Source material
lemma indep_cols_zero_row:
  fixes b :: "nat \<Rightarrow> nat \<Rightarrow> 'a::field"
  assumes sym: "\<forall>x<n. \<forall>y<n. b x y = b y x" and q: "q < n" "\<forall>y<n. b q y = 0"
    and ind: "indep_cols n b P" and P: "P \<subseteq> {..<n}"
  shows "q \<notin> P"
proof
  assume qP: "q \<in> P"
  define c where "c p = (if p = q then 1 else 0 :: 'a)" for p :: nat
  have "(\<Sum>p\<in>P. c p * b x p) = 0" if "x < n" for x
  proof -
    have "(\<Sum>p\<in>P. c p * b x p) = c q * b x q"
      using qP P finite_subset by (intro sum.remove[THEN trans]) (auto simp: c_def)
    then show ?thesis using sym q that by simp
  qed
  then have "c q = 0" using ind qP unfolding indep_cols_def by blast
  then show False by (simp add: c_def)
qed

lemma card_nonzero_rows_less:
  assumes zero_rows: "\<forall>x<n. (\<forall>y<n. a x y = 0) \<longrightarrow> (\<forall>y<n. b x y = 0)"
    and i: "i < n" "j < n" "a i j \<noteq> 0" "\<forall>y<n. b i y = 0"
  shows "card (nonzero_rows n b) < card (nonzero_rows n a)"
proof (rule psubset_card_mono)
  show "finite (nonzero_rows n a)" by (simp add: nonzero_rows_def)
  show "nonzero_rows n b \<subset> nonzero_rows n a"
    using zero_rows i unfolding nonzero_rows_def by blast
qed

lemma indep_cols_pivot_square:
  fixes a :: "nat \<Rightarrow> nat \<Rightarrow> 'a::field"
  assumes sym: "\<forall>x<n. \<forall>y<n. a x y = a y x" and i: "i < n" "a i i = 1"
    and P: "P \<subseteq> {..<n}" "i \<notin> P"
    and ind: "indep_cols n (\<lambda>x y. a x y - a x i * a y i) P"
  shows "indep_cols n a (insert i P)"
  unfolding indep_cols_def
proof (intro allI impI)
  fix c assume comb: "\<forall>x<n. (\<Sum>p\<in>insert i P. c p * a x p) = 0"
  have fin: "finite P" using P(1) finite_subset by blast
  have comb_split: "c i * a x i + (\<Sum>p\<in>P. c p * a x p) = 0" if "x < n" for x
    using comb that P(2) fin by simp
  define \<beta> where "\<beta> = (\<Sum>p\<in>P. c p * a p i)"
  have "(\<Sum>p\<in>P. c p * a i p) = \<beta>"
    unfolding \<beta>_def using sym P(1) i(1) by (intro sum.cong) auto
  then have ci: "c i + \<beta> = 0" using comb_split[OF i(1)] i(2) by simp
  have "(\<Sum>p\<in>P. c p * (a x p - a x i * a p i)) = 0" if x: "x < n" for x
  proof -
    have "(\<Sum>p\<in>P. c p * (a x p - a x i * a p i)) = (\<Sum>p\<in>P. c p * a x p) - a x i * \<beta>"
      unfolding \<beta>_def by (simp add: algebra_simps sum_subtractf sum_distrib_left)
    also have "\<dots> = - (a x i * (c i + \<beta>))" using comb_split[OF x] by (simp add: algebra_simps eq_neg_iff_add_eq_0)
    finally show ?thesis using ci by simp
  qed
  then have cP: "\<forall>p\<in>P. c p = 0" using ind unfolding indep_cols_def by blast
  then have "c i = 0" using ci by (simp add: \<beta>_def)
  with cP show "\<forall>p\<in>insert i P. c p = 0" by blast
qed

lemma indep_cols_pivot_hyperbolic:
  fixes a :: "nat \<Rightarrow> nat \<Rightarrow> 'a::field"
  assumes sym: "\<forall>x<n. \<forall>y<n. a x y = a y x" and ij: "i < n" "j < n" "a i j = 1" "a i i = 0" "a j j = 0"
    and P: "P \<subseteq> {..<n}" "i \<notin> P" "j \<notin> P"
    and ind: "indep_cols n (\<lambda>x y. a x y - (a x i * a y j + a x j * a y i)) P"
  shows "indep_cols n a (insert i (insert j P))"
  unfolding indep_cols_def
proof (intro allI impI)
  fix c assume comb: "\<forall>x<n. (\<Sum>p\<in>insert i (insert j P). c p * a x p) = 0"
  have fin: "finite P" using P(1) finite_subset by blast
  have "i \<noteq> j" using ij by auto
  then have comb_split: "c i * a x i + (c j * a x j + (\<Sum>p\<in>P. c p * a x p)) = 0" if "x < n" for x
    using comb that P(2,3) fin by simp
  define \<beta>i \<beta>j where "\<beta>i = (\<Sum>p\<in>P. c p * a p i)" and "\<beta>j = (\<Sum>p\<in>P. c p * a p j)"
  have "(\<Sum>p\<in>P. c p * a i p) = \<beta>i" "(\<Sum>p\<in>P. c p * a j p) = \<beta>j"
    unfolding \<beta>i_def \<beta>j_def using sym P(1) ij(1,2) by (auto intro!: sum.cong)
  moreover have "a j i = 1" using sym ij by metis
  ultimately have cj: "c j + \<beta>i = 0" and ci: "c i + \<beta>j = 0"
    using comb_split[OF ij(1)] comb_split[OF ij(2)] ij(3-5) by simp_all
  have "(\<Sum>p\<in>P. c p * (a x p - (a x i * a p j + a x j * a p i))) = 0" if x: "x < n" for x
  proof -
    have "(\<Sum>p\<in>P. c p * (a x p - (a x i * a p j + a x j * a p i)))
        = (\<Sum>p\<in>P. c p * a x p) - (a x i * \<beta>j + a x j * \<beta>i)"
      unfolding \<beta>i_def \<beta>j_def by (simp add: algebra_simps sum_subtractf sum.distrib sum_distrib_left)
    also have "\<dots> = - (a x i * (c i + \<beta>j) + a x j * (c j + \<beta>i))"
      using comb_split[OF x] by (simp add: algebra_simps eq_neg_iff_add_eq_0)
    finally show ?thesis using ci cj by simp
  qed
  then have cP: "\<forall>p\<in>P. c p = 0" using ind unfolding indep_cols_def by blast
  then have "c i = 0" "c j = 0" using ci cj by (simp_all add: \<beta>i_def \<beta>j_def)
  with cP show "\<forall>p\<in>insert i (insert j P). c p = 0" by blast
qed

text \<open>a has a symmetric decomposition with s squares and h hyperbolic pairs together with
  s + 2h independent columns certifying that no shorter decomposition exists.\<close>
definition indep_sym_decomp :: "nat \<Rightarrow> (nat \<Rightarrow> nat \<Rightarrow> 'a::field) \<Rightarrow> bool" where
  "indep_sym_decomp n a \<longleftrightarrow> (\<exists>s h v u w P. sym_decomp n a s h v u w \<and>
     P \<subseteq> {..<n} \<and> card P = s + 2 * h \<and> indep_cols n a P)"

lemma indep_sym_decomp_pivot_square:
  fixes a :: "nat \<Rightarrow> nat \<Rightarrow> 'a::field"
  assumes sym: "\<forall>x<n. \<forall>y<n. a x y = a y x" and i: "i < n" "a i i = 1"
    and reduced: "indep_sym_decomp n (\<lambda>x y. a x y - a x i * a y i)"
  shows "indep_sym_decomp n a"
proof -
  define b where "b = (\<lambda>x y. a x y - a x i * a y i)"
  obtain s h v u w P where red: "sym_decomp n b s h v u w" "P \<subseteq> {..<n}"
    "card P = s + 2 * h" "indep_cols n b P"
    using reduced unfolding indep_sym_decomp_def b_def by blast
  have sym_b: "\<forall>x<n. \<forall>y<n. b x y = b y x" using sym by (auto simp: b_def mult.commute)
  have "\<forall>y<n. b i y = 0" using sym i by (simp add: b_def)
  then have iP: "i \<notin> P" using indep_cols_zero_row[OF sym_b i(1) _ red(4,2)] by blast
  have "sym_decomp n a (Suc s) h (case_nat (\<lambda>x. a x i) v) u w"
    unfolding sym_decomp_def
  proof (intro allI impI)
    fix x y assume "x < n" "y < n"
    have "a x y = b x y + a x i * a y i" by (simp add: b_def)
    also have "b x y = (\<Sum>k<s. v k x * v k y) + (\<Sum>k<h. u k x * w k y + w k x * u k y)"
      using red(1) \<open>x < n\<close> \<open>y < n\<close> unfolding sym_decomp_def by blast
    finally show "a x y = (\<Sum>k<Suc s. case_nat (\<lambda>x. a x i) v k x * case_nat (\<lambda>x. a x i) v k y)
        + (\<Sum>k<h. u k x * w k y + w k x * u k y)"
      by (simp only: sum.lessThan_Suc_shift nat.case) (simp add: algebra_simps)
  qed
  moreover have "card (insert i P) = Suc s + 2 * h"
    using red(2,3) iP finite_subset[OF red(2)] by simp
  moreover have "indep_cols n a (insert i P)"
    using indep_cols_pivot_square[OF sym i red(2) iP] red(4) by (simp add: b_def)
  moreover have "insert i P \<subseteq> {..<n}" using red(2) i(1) by simp
  ultimately show ?thesis unfolding indep_sym_decomp_def by blast
qed

lemma indep_sym_decomp_pivot_hyperbolic:
  fixes a :: "nat \<Rightarrow> nat \<Rightarrow> 'a::field"
  assumes sym: "\<forall>x<n. \<forall>y<n. a x y = a y x"
    and ij: "i < n" "j < n" "a i j = 1" "a i i = 0" "a j j = 0"
    and reduced: "indep_sym_decomp n (\<lambda>x y. a x y - (a x i * a y j + a x j * a y i))"
  shows "indep_sym_decomp n a"
proof -
  define b where "b = (\<lambda>x y. a x y - (a x i * a y j + a x j * a y i))"
  obtain s h v u w P where red: "sym_decomp n b s h v u w" "P \<subseteq> {..<n}"
    "card P = s + 2 * h" "indep_cols n b P"
    using reduced unfolding indep_sym_decomp_def b_def by blast
  have sym_b: "\<forall>x<n. \<forall>y<n. b x y = b y x" using sym by (auto simp: b_def mult.commute add.commute)
  have "i \<noteq> j" using ij by auto
  have "a j i = 1" using sym ij(1-3) by simp
  then have "\<forall>y<n. b i y = 0" "\<forall>y<n. b j y = 0" using sym ij by (simp_all add: b_def)
  then have iP: "i \<notin> P" and jP: "j \<notin> P"
    using indep_cols_zero_row[OF sym_b _ _ red(4,2)] ij(1,2) by blast+
  have "sym_decomp n a s (Suc h) v (case_nat (\<lambda>x. a x i) u) (case_nat (\<lambda>x. a x j) w)"
    unfolding sym_decomp_def
  proof (intro allI impI)
    fix x y assume "x < n" "y < n"
    have "a x y = b x y + (a x i * a y j + a x j * a y i)" by (simp add: b_def)
    also have "b x y = (\<Sum>k<s. v k x * v k y) + (\<Sum>k<h. u k x * w k y + w k x * u k y)"
      using red(1) \<open>x < n\<close> \<open>y < n\<close> unfolding sym_decomp_def by blast
    finally show "a x y = (\<Sum>k<s. v k x * v k y) + (\<Sum>k<Suc h. case_nat (\<lambda>x. a x i) u k x
        * case_nat (\<lambda>x. a x j) w k y + case_nat (\<lambda>x. a x j) w k x * case_nat (\<lambda>x. a x i) u k y)"
      by (simp only: sum.lessThan_Suc_shift nat.case) (simp add: algebra_simps)
  qed
  moreover have "card (insert i (insert j P)) = s + 2 * Suc h"
    using red(2,3) iP jP \<open>i \<noteq> j\<close> finite_subset[OF red(2)] by simp
  moreover have "indep_cols n a (insert i (insert j P))"
    using indep_cols_pivot_hyperbolic[OF sym ij red(2) iP jP] red(4) by (simp add: b_def)
  moreover have "insert i (insert j P) \<subseteq> {..<n}" using red(2) ij(1,2) by simp
  ultimately show ?thesis unfolding indep_sym_decomp_def by blast
qed
lemma lipschitz_spectre_defect:
  fixes A :: "'a::{metric_space, ab_group_add} set"
  assumes ti: "\<forall>x y z::'a. dist x y = dist (x + z) (y + z)"
    and "A \<noteq> {}"
  shows "1-lipschitz_on UNIV (spectre_defect A)"
proof -
  have one_sided: "spectre_defect A w \<le> spectre_defect A z + dist w z" for w z
    unfolding spectre_defect_def
  proof (rule cSUP_least[OF \<open>A \<noteq> {}\<close>])
    fix a assume "a \<in> A"
    have "dist (a + w) (a + z) \<le> dist w z" "dist (a - w) (a - z) \<le> dist w z"
      using dist_add_add_le[OF ti, of a w a z] dist_diff_diff_le[OF ti, of a w a z] by simp_all
    then have "min (infdist (a + w) A) (infdist (a - w) A)
        \<le> min (infdist (a + z) A) (infdist (a - z) A) + dist w z"
      using infdist_triangle[of "a + w" A "a + z"] infdist_triangle[of "a - w" A "a - z"] by linarith
    also have "\<dots> \<le> (SUP a\<in>A. min (infdist (a + z) A) (infdist (a - z) A)) + dist w z"
      using cSUP_upper[OF \<open>a \<in> A\<close> bdd_above_spectre_defect[OF ti]] by simp
    finally show "min (infdist (a + w) A) (infdist (a - w) A)
        \<le> (SUP a\<in>A. min (infdist (a + z) A) (infdist (a - z) A)) + dist w z" .
  qed
  show ?thesis
  proof (rule lipschitz_onI)
    fix w z :: 'a
    show "dist (spectre_defect A w) (spectre_defect A z) \<le> 1 * dist w z"
      using one_sided[of w z] one_sided[of z w] by (simp add: dist_real_def dist_commute abs_le_iff)
  qed simp
qed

The task
In the entries above, locate every line with the word "lemma" and copy it.

Output for this task
lemma indep_cols_zero_row:
lemma card_nonzero_rows_less:
lemma indep_cols_pivot_square:
lemma indep_cols_pivot_hyperbolic:
lemma indep_sym_decomp_pivot_square:
lemma indep_sym_decomp_pivot_hyperbolic:
lemma lipschitz_spectre_defect:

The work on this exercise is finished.